== EXTRACTED RECORDS ==

(* Under the standing setting and assumptions (A1)–(A3) described in the context, the following are equivalent: (a) $\mathcal R$ is upper semicontinuous at every point of $\mathcal X$; (b) $\mathcal R(\mathcal K)$ is bounded in $\mathcal M$ for every compact $\mathcal K\subset\mathcal X$; (c) for every $X\in\mathcal X$, every sequence $X_n\to X$ in $\mathcal X$ and every choice $Z_n\in\mathcal R(X_n)$, there exist $Z\in\mathcal R(X)$ and a subsequence $(Z_{n_k})$ with $Z_{n_k}\to Z$.
   Context: Let $\mathcal X$ be a Hausdorff, first countable, locally convex topological vector space over $\mathbb R$, partially ordered by a partial order $\geq$ with positive cone $\mathcal X_+=\{X\in\mathcal X: X\geq 0\}$. Let $\mathcal M\subset\mathcal X$ be a vector subspace with $1<\dim\mathcal M<\infty$, carrying the relative topology (boundedness in $\mathcal M$ refers to any norm on $\mathcal M$), and let $\pi:\mathcal M\to\mathbb R$ be linear. Standing assumptions: (A1) there is $U\in\mathcal M\cap\mathcal X_+$ with $\pi(U)=1$; (A2) $\mathcal A\subsetneq\mathcal X$ is closed, contains $0$, and satisfies $\mathcal A+\mathcal X_+\subset\mathcal A$; (A3) the map $\rho(X)=\inf\{\pi(Z): Z\in\mathcal M,\ X+Z\in\mathcal A\}$ is finitely valued and continuous on $\mathcal X$. The optimal payoff map is $\mathcal R(X)=\{Z\in\mathcal M: X+Z\in\mathcal A,\ \pi(Z)=\rho(X)\}$ and $\mathcal R(\mathcal K)=\bigcup_{X\in\mathcal K}\mathcal R(X)$. $\mathcal R$ is upper semicontinuous at $X$ if for every open $\mathcal U\subset\mathcal M$ with $\mathcal R(X)\subset\mathcal U$ there is an open neighborhood $\mathcal U_X$ of $X$ with $\mathcal R(Y)\subset\mathcal U$ for all $Y\in\mathcal U_X$. *)

theory Defs
  imports "HOL-Analysis.Analysis"
begin

definition is_tvs :: "'a::{real_vector,topological_space} itself \<Rightarrow> bool" where
  "is_tvs _ \<longleftrightarrow>
     continuous_on UNIV (\<lambda>p::'a \<times> 'a. fst p + snd p) \<and>
     continuous_on UNIV (\<lambda>p::real \<times> 'a. fst p *\<^sub>R snd p)"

===

**ASSIGNMENT:** Begin with the line that contains "continuous_on UNIV (\<lambda>p::'a" and end with the last line of the material above. Set down that range exactly.

**EXERCISE RESULT:**
     continuous_on UNIV (\<lambda>p::'a \<times> 'a. fst p + snd p) \<and>
     continuous_on UNIV (\<lambda>p::real \<times> 'a. fst p *\<^sub>R snd p)"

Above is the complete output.